Already had this argument. The Constitution is clear, States can not split , can not change forms of Government, can not make treaties or make money or have a whole list of don't does. All clearly imply that a State can not leave the Union with out the permission of said Union. Otherwise the Document is absolutely useless. Since as soon as the federal Government does something a State does not like they just leave. That would invalidate the entire concept of a Union and the entire concept that the federal Government is the Supreme Law of the land.

Simple. to the point. accurate argument.

and from RGS... Hades must be freezing.
 
250px-FGEPeterbusUnum.png


No...you are pretty much wrong. You don't get to just secede and say "naah, now I'm my own country".

Where does it say that?
 
It establishes that the States have no right within the Constitution to leave the Union without permission. The decision is final until a new decision is made or an amendment is applied to the Constitution invalidating the decision.

Lincoln settled the matter by force of arms prior to the case, so what?

Using your logic if Joe Robber steals your car until he is tried and convicted he committed no crime and his actions were legal until the court ruled on the case. So why again to we get to put people in jail before convicting them? Why do we even get to arrest them? By your logic no crime has been committed.

It set a legal precedent 4 years after the war that actually decided the issue, right or wrong, by force of arms.

Your analogy has nothing to do with my logic, for the second time today. You are ignoring my point and tapdancing around it.

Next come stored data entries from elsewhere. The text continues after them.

lemma hasse_zero [simp]: "hasse k 0 = 0"
  by (simp add: poly_eq_iff coeff_hasse)

lemma hasse_add: "hasse k (f + g) = hasse k f + hasse k g"
  by (simp add: poly_eq_iff coeff_hasse algebra_simps)

lemma hasse_smult: "hasse k (smult c f) = smult c (hasse k f)"
  by (simp add: poly_eq_iff coeff_hasse algebra_simps)

lemma hasse_sum: "hasse k (\<Sum>i\<in>A. f i) = (\<Sum>i\<in>A. hasse k (f i))"
  by (induct A rule: infinite_finite_induct) (simp_all add: hasse_add)

lemma hasse_eq_0_if_degree_less: "degree f < k \<Longrightarrow> hasse k f = 0"
  by (simp add: poly_eq_iff coeff_hasse coeff_eq_0)

lemma le_degree_if_hasse_nonzero: "hasse k f \<noteq> 0 \<Longrightarrow> k \<le> degree f"
  using hasse_eq_0_if_degree_less[of f k] by linarith

lemma hasse_degree: "hasse (degree f) f = [:lead_coeff f:]"
  by (auto simp: poly_eq_iff coeff_hasse coeff_eq_0 coeff_pCons split: nat.split)

lemma hasse_1: "hasse k 1 = (if k = 0 then 1 else 0)"
  by (auto simp: poly_eq_iff coeff_hasse coeff_eq_0 coeff_pCons split: nat.split)

lemma hasse_pCons_0:
  "hasse k (pCons 0 p) = pCons 0 (hasse k p) + (if k = 0 then 0 else hasse (k - 1) p)"
proof (rule poly_eqI)
  fix n
  show "coeff (hasse k (pCons 0 p)) n =
      coeff (pCons 0 (hasse k p) + (if k = 0 then 0 else hasse (k - 1) p)) n"
    by (cases k; cases n) (simp_all add: coeff_hasse coeff_pCons algebra_simps)
qed

lemma pCons_0_sum: "pCons 0 (\<Sum>i\<in>A. f i) = (\<Sum>i\<in>A. pCons 0 (f i))"
  by (induct A rule: infinite_finite_induct) (simp_all, metis add_pCons add_0)
lemma descending_series_abs_summable:
  fixes g :: "int \<Rightarrow> complex"
  assumes conv: "summable (\<lambda>j. g (N - int j) * t0 powi (N - int j))"
    and t0: "t0 \<noteq> 0" "norm t0 < norm t"
  shows "summable (\<lambda>j. norm (g (N - int j) * t powi (N - int j)))"
proof -
  obtain B where B: "\<And>j. norm (g (N - int j) * t0 powi (N - int j)) \<le> B"
    using summable_LIMSEQ_zero[OF conv, THEN convergentI, THEN convergent_imp_Bseq]
    by (auto simp: Bseq_def)
  define r where "r = norm t / norm t0"
  have r: "r > 1"
    using t0 by (simp add: r_def)
  have bound: "norm (g (N - int j) * t powi (N - int j)) \<le> B * r powi N * inverse r ^ j" for j
  proof -
    have "norm (g (N - int j) * t powi (N - int j))
            = norm (g (N - int j) * t0 powi (N - int j)) * r powi (N - int j)"
      using t0 by (simp add: r_def norm_mult norm_power_int power_int_divide_distrib)
    also have "\<dots> \<le> B * r powi (N - int j)"
      using B[of j] r by (intro mult_right_mono) auto
    also have "r powi (N - int j) = r powi N * inverse r ^ j"
      using r by (simp add: power_int_diff power_inverse divide_inverse)
    finally show ?thesis
      by (simp add: mult.assoc)
  qed
  have "summable (\<lambda>j. B * r powi N * inverse r ^ j)"
    using r by (intro summable_mult summable_geometric) (simp add: inverse_less_1_iff)
  then show ?thesis
    by (rule summable_comparison_test'[where N = 0]) (use bound in auto)
qed

lemma truncated_laurent_coeff_unique:
  fixes g h :: "int \<Rightarrow> complex"
  assumes U: "open U" "U \<noteq> {}"
    and g_zero: "\<And>m. m > N \<Longrightarrow> g m = 0"
    and g_sum: "\<And>t. t \<in> U \<Longrightarrow> (\<lambda>j. g (N - int j) * t powi (N - int j)) sums F t"
    and h_sum: "\<And>t. t \<in> U \<Longrightarrow> t \<noteq> 0 \<Longrightarrow> ((\<lambda>m. h m * t powi m) has_sum F t) UNIV"
  shows "g m = h m"
proof -
  obtain x where "x \<in> U"
    using U(2) by blast
  then obtain t0 where t0: "t0 \<in> U" "t0 \<noteq> 0"
    using open_ex_nonzero[OF U(1)] by blast
  obtain r where r: "r > 0" "ball t0 r \<subseteq> U"
    using open_contains_ball U(1) t0(1) by blast
  \<comment> \<open>Outside the circle through t0 the truncated series converges absolutely.\<close>
  define U' where "U' = U \<inter> {t. norm t0 < norm t}"
  have "open U'"
    unfolding U'_def by (intro open_Int U(1) open_Collect_less continuous_intros)
  moreover have "U' \<noteq> {}"
  proof -
    define t1 where "t1 = of_real ((norm t0 + r / 2) / norm t0) * t0"
    have "norm t1 = norm t0 + r / 2" "dist t0 t1 = r / 2"
      unfolding t1_def using radial_rescale[OF t0(2), of "norm t0 + r / 2"] r by auto
    then have "t1 \<in> U'"
      using r by (auto simp: U'_def)
    then show ?thesis
      by auto
  qed
  moreover have "0 \<notin> U'"
    by (auto simp: U'_def)
  moreover have "((\<lambda>m. (g m - h m) * t powi m) has_sum 0) UNIV" if t: "t \<in> U'" for t
  proof -
    have t': "t \<in> U" "norm t0 < norm t" "t \<noteq> 0"
      using t by (auto simp: U'_def)
    have abs: "summable (\<lambda>j. norm (g (N - int j) * t powi (N - int j)))"
      using descending_series_abs_summable[OF sums_summable[OF g_sum[OF t0(1)]] t0(2) t'(2)] .
    have "((\<lambda>m. g m * t powi m) has_sum F t) UNIV"
      using norm_summable_imp_has_sum[OF abs g_sum[OF t'(1)]]
      by (rule has_sum_descending_int[where g = "\<lambda>m. g m * t powi m"]) (simp add: g_zero)
    from has_sum_diff[OF this h_sum[OF t'(1,3)]] show ?thesis
      by (simp add: algebra_simps)
  qed
  ultimately have "g m - h m = 0"
    by (rule laurent_coeff_eq_0_if_sum_0_on_open)
  then show ?thesis
    by simp
qed
(* Let $P \subseteq \mathbb{R}^7$ be an associative $3$-plane. Then the $3$-dimensional subspace $\Psi(P) = \mathrm{Span}\{\Psi_{uv} : u,v \in P\}$ of $\Lambda^2(\mathbb{R}^7)$ is a Lie subalgebra isomorphic to $\mathfrak{so}(3)$.
   Context: Equip $\mathbb{R}^7$ with its standard inner product, orientation and basis. Let $\varphi = e_{123} - e_{167} - e_{527} - e_{563} - e_{415} - e_{426} - e_{437}$ ($e_{ijk} = e_i\wedge e_j\wedge e_k$), $\psi = \star\varphi = e_{4567} - e_{4523} - e_{4163} - e_{4127} - e_{2637} - e_{1537} - e_{1526}$, and define $\times$ by $\langle u \times v, w \rangle = \varphi(u,v,w)$. A $3$-dimensional subspace is associative if closed under $\times$. $\Psi_{uv}$ is the skew bilinear form $(x,y)\mapsto \psi(u,v,x,y)$. Skew bilinear forms $X$ are identified with skew-adjoint operators via $X(x,y) = \langle X(x), y \rangle$, so $\Lambda^2(\mathbb{R}^7) = \mathfrak{so}(7)$ with bracket the commutator. *)

theory Defs
  imports "HOL-Analysis.Analysis"
begin

text \<open>R^7 is modelled as real^7. The standard basis vector e_k (k = 1..7) is
  the axis vector at index (k - 1) of the numeral type 7 (whose elements are 0..6).\<close>

definition idx7 :: "nat \<Rightarrow> 7" where
  "idx7 k = of_nat (k - 1)"

definition ebasis :: "nat \<Rightarrow> real^7" where
  "ebasis k = axis (idx7 k) 1"

definition coord :: "nat \<Rightarrow> real^7 \<Rightarrow> real" where
  "coord k x = x $ idx7 k"

definition det3 :: "real \<Rightarrow> real \<Rightarrow> real \<Rightarrow> real \<Rightarrow> real \<Rightarrow> real \<Rightarrow> real \<Rightarrow> real \<Rightarrow> real \<Rightarrow> real" where
  "det3 a b c d e f g h i = a * (e * i - f * h) - b * (d * i - f * g) + c * (d * h - e * g)"

definition wedge3 :: "nat \<Rightarrow> nat \<Rightarrow> nat \<Rightarrow> real^7 \<Rightarrow> real^7 \<Rightarrow> real^7 \<Rightarrow> real" where
  "wedge3 i j k u v w =
     det3 (coord i u) (coord i v) (coord i w)
          (coord j u) (coord j v) (coord j w)
          (coord k u) (coord k v) (coord k w)"

text \<open>(e_i \<and> e_j \<and> e_k \<and> e_l)(u,v,x,y): 4x4 determinant, Laplace expansion along row i.\<close>
definition wedge4 :: "nat \<Rightarrow> nat \<Rightarrow> nat \<Rightarrow> nat \<Rightarrow> real^7 \<Rightarrow> real^7 \<Rightarrow> real^7 \<Rightarrow> real^7 \<Rightarrow> real" where
  "wedge4 i j k l u v x y =
      coord i u * wedge3 j k l v x y - coord i v * wedge3 j k l u x y
    + coord i x * wedge3 j k l u v y - coord i y * wedge3 j k l u v x"

definition phi7 :: "real^7 \<Rightarrow> real^7 \<Rightarrow> real^7 \<Rightarrow> real" where
  "phi7 u v w = wedge3 1 2 3 u v w - wedge3 1 6 7 u v w - wedge3 5 2 7 u v w
     - wedge3 5 6 3 u v w - wedge3 4 1 5 u v w - wedge3 4 2 6 u v w - wedge3 4 3 7 u v w"

definition psi7 :: "real^7 \<Rightarrow> real^7 \<Rightarrow> real^7 \<Rightarrow> real^7 \<Rightarrow> real" where
  "psi7 u v x y = wedge4 4 5 6 7 u v x y - wedge4 4 5 2 3 u v x y - wedge4 4 1 6 3 u v x y
     - wedge4 4 1 2 7 u v x y - wedge4 2 6 3 7 u v x y - wedge4 1 5 3 7 u v x y
     - wedge4 1 5 2 6 u v x y"

definition cross7 :: "real^7 \<Rightarrow> real^7 \<Rightarrow> real^7" where
  "cross7 u v = (\<chi> i. phi7 u v (axis i 1))"

definition associative_plane :: "(real^7) set \<Rightarrow> bool" where
  "associative_plane P \<longleftrightarrow> subspace P \<and> dim P = 3 \<and> (\<forall>u\<in>P. \<forall>v\<in>P. cross7 u v \<in> P)"

text \<open>Psi_{uv} as a skew-adjoint operator, represented by its matrix M (acting by M *v x):
  \<langle>M x, y\<rangle> = psi(u,v,x,y), i.e. M $ j $ i = psi(u,v,e_i,e_j).\<close>
definition PsiM :: "real^7 \<Rightarrow> real^7 \<Rightarrow> real^7^7" where
  "PsiM u v = (\<chi> j i. psi7 u v (axis i 1) (axis j 1))"

definition lie_bracket :: "real^'n^'n \<Rightarrow> real^'n^'n \<Rightarrow> real^'n^'n" where
  "lie_bracket A B = A ** B - B ** A"

definition so_mat :: "(real^'n^'n) set" where
  "so_mat = {A. transpose A = - A}"

end

theory Submission
  imports Defs
begin

text \<open>
  Take orthonormal a, b in P and c = a \<times> b. Then b \<times> c = a, c \<times> a = b, and a, b, c
  span P; as (u, v) \<mapsto> \<Psi>_uv is bilinear and skew, \<Psi>(P) is spanned by \<Psi>_bc, \<Psi>_ca, \<Psi>_ab.
  The formula \<Psi>_uv x = x \<times> (u \<times> v) + \<langle>u, x\<rangle> v - \<langle>v, x\<rangle> u together with the identity
  (u \<times> v) \<times> w + u \<times> (v \<times> w) = 2\<langle>u, w\<rangle> v - \<langle>v, w\<rangle> u - \<langle>u, v\<rangle> w gives
  [\<Psi>_bc, \<Psi>_ca] = 2 \<Psi>_ab and its cyclic shifts, so the halved generators X, Y, Z
  satisfy the so(3) relations [X, Y] = Z, [Y, Z] = X, [Z, X] = Y.
  Such a triple is linearly independent as soon as X \<noteq> 0, because ad X \<circ> ad X kills X
  and is -1 on Y and Z; and \<Psi>_ab \<noteq> 0, since it acts as x \<mapsto> x \<times> c on the orthogonal
  complement of P. Independent triples with the so(3) relations span isomorphic Lie
  algebras, and the standard generators of so(3) form such a triple.
\<close>

section \<open>Triples satisfying the so(3) relations\<close>

lemma bilinear_lie_bracket: "bilinear (lie_bracket :: real^'n^'n \<Rightarrow> _)"
proof -
  have "(A + B) ** C = A ** C + B ** C" for A B C :: "real^'n^'n"
    by (simp add: matrix_matrix_mult_def vec_eq_iff algebra_simps sum.distrib)
  then show ?thesis
    unfolding bilinear_def lie_bracket_def
    by (auto intro!: linearI simp: matrix_add_ldistrib scalar_matrix_assoc matrix_scalar_ac
        algebra_simps)
qed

NO law stated that states could not secede. What y'all keep leaving out about the 10th Amendment is it states all powers not granted specifically to the Federal government fall to the states. No law granted specifically to the Federal government the right to stop states from seceding, nor did it grant the Federal government the right to keep those states in the Union by force.

No such legislation existed. Period. There was no legal basis for Lincoln's belief that the Federal government had that right, nor his subsequent actions.

What the Supreme Court decided after the fact is irrelevant to Lincoln's actions at the time. There is no legal basis for the Supreme Court's decision, as I have already shown ... not without having to assume much. "Assume" is not an Amendment to the Constitution, nor is it a legal basis for law. Take it to court and see how far you get.

I'm done here. I'm tired of repeating myself and getting nothing but twisted crap in response. You're so determined to be right you aren't looking at the facts staring you squarely in the face.